4. Lembaga Bantuan Hukum (LBH)
Lembaga Bantuan Hukum (LBH) adalah aktor-aktor yang terlibat dalam konflik yang
bekerja pada tataran hukum, mengkaji dan membantu pihak yang membutuhkan perihal hukum-
hukum yang berlaku dan relevan (Oktaviania, 2015: 48). Dalam kasus konflik ini LBH berada di
pihak masyarakat yang kontra terhadap pembangunan pabrik semen dengan membantu dalam hal
pencarian dokumen-dokumen perizinan PT. SMS.
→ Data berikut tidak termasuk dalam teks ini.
lemma card_Int_lower_bound:
  assumes "finite C" "A \<subseteq> C" "B \<subseteq> C"
  shows "card A + card B \<le> card C + card (A \<inter> B)"
proof -
  have "card A + card B = card (A \<union> B) + card (A \<inter> B)"
    using assms by (intro card_Un_Int) (auto intro: finite_subset)
  moreover have "card (A \<union> B) \<le> card C" using assms by (intro card_mono) auto
  ultimately show ?thesis by simp
qed

lemma leaves_share_two_vertices:
  assumes "finite z" "card z = d + 1" "3 \<le> d" "card (z \<inter> l1) = d" "card (z \<inter> l2) = d"
  shows "2 \<le> card (z \<inter> l1 \<inter> l2)"
  using card_Int_lower_bound[of z "z \<inter> l1" "z \<inter> l2"] assms by (simp add: Int_ac)

lemma even_scaffold_two_leaves:
  assumes "distinct [l1, z, l2]" "finite z" "card z = d + 1" "3 \<le> d"
    and l1: "card (z \<inter> l1) = d" and l2: "card (z \<inter> l2) = d"
  shows "\<exists>S. even_scaffold {l1, z, l2} S"
proof -
  have "z \<inter> l1 \<inter> l2 \<noteq> {}"
    using leaves_share_two_vertices[OF assms(2-4) l1 l2] by (intro notI) simp
  then obtain a where a: "a \<in> z \<inter> l1 \<inter> l2" by blast
  have "0 < card (z \<inter> l1 - {a})"
    using diff_card_le_card_Diff[of "{a}" "z \<inter> l1"] l1 assms(2-4) by simp
  then obtain b where b: "b \<in> z \<inter> l1" "b \<noteq> a" unfolding card_gt_0_iff by blast
  have "0 < card (z \<inter> l2 - {a, b})"
    using diff_card_le_card_Diff[of "{a, b}" "z \<inter> l2"] l2 assms(2-4) b(2) by simp
  then obtain c where c: "c \<in> z \<inter> l2" "c \<noteq> a" "c \<noteq> b" unfolding card_gt_0_iff by blast
  have "even_scaffold {l1, z, l2} {(a, l1), (b, l1), (b, z), (c, z), (c, l2), (a, l2)}"
    using assms(1) a b c by (intro even_scaffold_triangle) auto
  then show ?thesis ..
qed

lemma even_scaffold_star:
  assumes "finite L" "L \<noteq> {}" "z \<notin> L" "3 \<le> d" "finite z" "card z = d + 1"
    and "\<And>l. l \<in> L \<Longrightarrow> card (z \<inter> l) = d"
  shows "\<exists>S. even_scaffold (insert z L) S"
  using assms
proof (induction "card L" arbitrary: L rule: less_induct)
  case less
  note d = \<open>3 \<le> d\<close> \<open>finite z\<close> \<open>card z = d + 1\<close>
  note leaf = less.prems(7)
  obtain l1 where l1: "l1 \<in> L" using \<open>L \<noteq> {}\<close> by blast
  have "z \<noteq> l1" using l1 less.prems(3) by blast
  show ?case
  proof (cases "L = {l1}")
    case True
    have "2 \<le> card (z \<inter> l1)" using leaf[OF l1] d by simp
    then obtain p where "p \<subseteq> z \<inter> l1" "card p = 2" by (rule obtain_subset_with_card_n)
    then have "even_scaffold {z, l1} (p \<times> {z, l1})"
      using \<open>z \<noteq> l1\<close> by (intro even_scaffold_pair)
    then show ?thesis using True by blast
  next
    case False
    then obtain l2 where l2: "l2 \<in> L" "l2 \<noteq> l1" using l1 by blast
    have "z \<noteq> l2" using l2 less.prems(3) by blast
    show ?thesis
    proof (cases "L = {l1, l2}")
      case True
      have "\<exists>S. even_scaffold {l1, z, l2} S"
        using \<open>z \<noteq> l1\<close> \<open>z \<noteq> l2\<close> l2(2) d leaf[OF l1] leaf[OF l2(1)]
        by (intro even_scaffold_two_leaves) auto
      moreover have "{l1, z, l2} = insert z L" using True by blast
      ultimately show ?thesis by metis
    next
      case False
      define L' where "L' = L - {l1, l2}"
      have "card L' < card L"
        unfolding L'_def using l1 less.prems(1) by (intro psubset_card_mono) auto
      moreover have "finite L'" "L' \<noteq> {}" "z \<notin> L'"
        using less.prems(1,3) l1 l2 False unfolding L'_def by auto
      ultimately have "\<exists>S. even_scaffold (insert z L') S"
        using d leaf unfolding L'_def by (intro less.hyps) auto
      then obtain S where S: "even_scaffold (insert z L') S" ..
      have "2 \<le> card (z \<inter> l1 \<inter> l2)"
        using leaves_share_two_vertices d leaf[OF l1] leaf[OF l2(1)] by blast
      then obtain p where "p \<subseteq> z \<inter> l1 \<inter> l2" "card p = 2" by (rule obtain_subset_with_card_n)
      then have "even_scaffold {l1, l2} (p \<times> {l1, l2})"
        using l2 by (intro even_scaffold_pair) auto
      moreover have "insert z L' \<inter> {l1, l2} = {}"
        using less.prems(3) l1 l2 unfolding L'_def by blast
      ultimately have "even_scaffold (insert z L' \<union> {l1, l2}) (S \<union> p \<times> {l1, l2})"
        using S \<open>finite L'\<close> by (intro even_scaffold_Un) auto
      moreover have "insert z L' \<union> {l1, l2} = insert z L"
        using l1 l2 unfolding L'_def by blast
      ultimately show ?thesis by metis
    qed
  qed
qed

lemma even_scaffold_from_center_map:
  assumes "pure_complex d K" "3 \<le> d"
    and c: "center_map K (dual_adj d K) c" "lonely_centers K c = {}"
  shows "\<exists>S. even_scaffold K S"
proof -
  define star where "star z = {x \<in> K. c x = z}" for z
  have "finite K" using assms(1) unfolding pure_complex_def by blast
  have "\<exists>S. even_scaffold (star z) S" if "z \<in> c ` K" for z
  proof -
    have z: "z \<in> K" "c z = z" using that c(1) unfolding center_map_def by auto
    then have "z \<notin> lonely_centers K c" using c(2) by blast
    then have leaves: "star z - {z} \<noteq> {}" using z unfolding lonely_centers_def star_def by auto
    have "card (z \<inter> l) = d" if "l \<in> star z - {z}" for l
      using that c(1) unfolding star_def center_map_def dual_adj_def by (auto simp: Int_commute)
    moreover have "finite z" "card z = d + 1"
      using assms(1) z(1) unfolding pure_complex_def by auto
    moreover have "finite (star z)" using \<open>finite K\<close> unfolding star_def by simp
    ultimately have "\<exists>S. even_scaffold (insert z (star z - {z})) S"
      using leaves \<open>3 \<le> d\<close> by (intro even_scaffold_star) auto
    moreover have "insert z (star z - {z}) = star z" using z unfolding star_def by blast
    ultimately show ?thesis by simp
  qed
  moreover have "disjoint_family_on star (c ` K)"
    unfolding disjoint_family_on_def star_def by blast
  moreover have "finite (star z)" for z using \<open>finite K\<close> unfolding star_def by simp
  ultimately have "\<exists>S. even_scaffold (\<Union>z\<in>c ` K. star z) S"
    using \<open>finite K\<close> by (intro even_scaffold_UN) auto
  moreover have "(\<Union>z\<in>c ` K. star z) = K"
    using c(1) unfolding star_def center_map_def by auto
  ultimately show ?thesis by simp
qed

theorem lemma6:
  fixes K :: "'v set set"
  assumes "CARD('n::finite) \<ge> 3"
    and "simplicial_manifold TYPE('n) K"
    and "unfolded CARD('n) K"
    and "card K \<noteq> 1"
  shows "\<exists>S. even_scaffold K S"
proof -
  let ?d = "CARD('n)"
  have pure: "pure_complex ?d K" using assms(2) unfolding simplicial_manifold_def by blast
  then have "finite K" unfolding pure_complex_def by blast
  have "K \<noteq> {}" and conn: "graph_connected K (dual_adj ?d K)"
    using assms(3) unfolding unfolded_def is_tree_def by auto
  have "\<exists>y\<in>K. y \<noteq> x \<and> dual_adj ?d K x y" if x: "x \<in> K" for x
  proof -
    have "K \<noteq> {x}" using assms(4) by auto
    then obtain y where "y \<in> K" "y \<noteq> x" using x by blast
    then obtain x' where "dual_adj ?d K x x'" using graph_connected_has_neighbour[OF conn x] by metis
    then show ?thesis unfolding dual_adj_def by blast
  qed
  then obtain c where "center_map K (dual_adj ?d K) c" "lonely_centers K c = {}"
    using ex_center_map_without_lonely_centers[OF \<open>finite K\<close>] dual_adj_sym by metis
  then show ?thesis using even_scaffold_from_center_map pure assms(1) by blast
qed

end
5. Pemerintah (daerah dan pusat)
Pemerintah merupakan aktor pemegang kekuasaan dan kewenangan terhadap warga yang
dikelolanya. Pemerintah disini adalah institusi yang membuat kebijakan bagi kemajuan daerahnya
melalui berbagai macam program yang telah dirancang (Oktaviania, 2015: 48). Berikut adalah
instansi pemerintahan yang terlibat dalam kasus konflik ini adalah pemerintah Dusun, Desa,
Kecamatan Tambakromo dan Kayen, Kabupaten Pati, Provinsi Jawa Tengah, Badan Lingkungan
Hidup Pati, BAPPEDA Pati, Perhitani Pati, Kementrian kehutanan, dan Potres Krayen dan
Tambakromo.
6. Centeng (orang bayaran)
Centeng atau orang bayaran dalam konflik ini adalah oknum-oknum yang sengaja
membayar orang suruhan untuk menjalankan perintah dari yang membayar. Kerap kali Centeng
melakukan tindakan pengrusakan fasilitas dan lingkungan milik warga di sekitar tapak
pembangunan pabrik semen.
7. Swasta (private sector)
Sektor swasta merupakan aktor raksasa yang memiliki modal besar untuk berinvestasi
terhadap sumber daya alam. Korporasi yang terlibat adalah PT. SMS sebagai pemrakarsa pendirian
pabrik semen IDC. PT. SMS sendiri adalah anak perusahaan dari PT. IDC. Korporasi itu
mengincar sumber daya alam karst yang ada di pegunungan Kendeng Utara.
8. Aktor Lainnya
Aktor lainnya yang terlibat adalah ASC Yogyakarta dan PACA Tambakromo. ASC
Yogyakarta merupakan organisasi pecinta gua yang berada pada pihak masyarakat dengan
memberikan edukasi dan hasil penelitian yang pernah dilakukan ASC Yogyakarta. Sedangkan
PACA Tambakromo adalah organisasi cabang dari GP Anshor di Kecamatan Tambakromo,
Kabupaten Pati. Organisasi tersebut berafiliasi dengan organisasi Islam Nahdlatul Ulama (NU).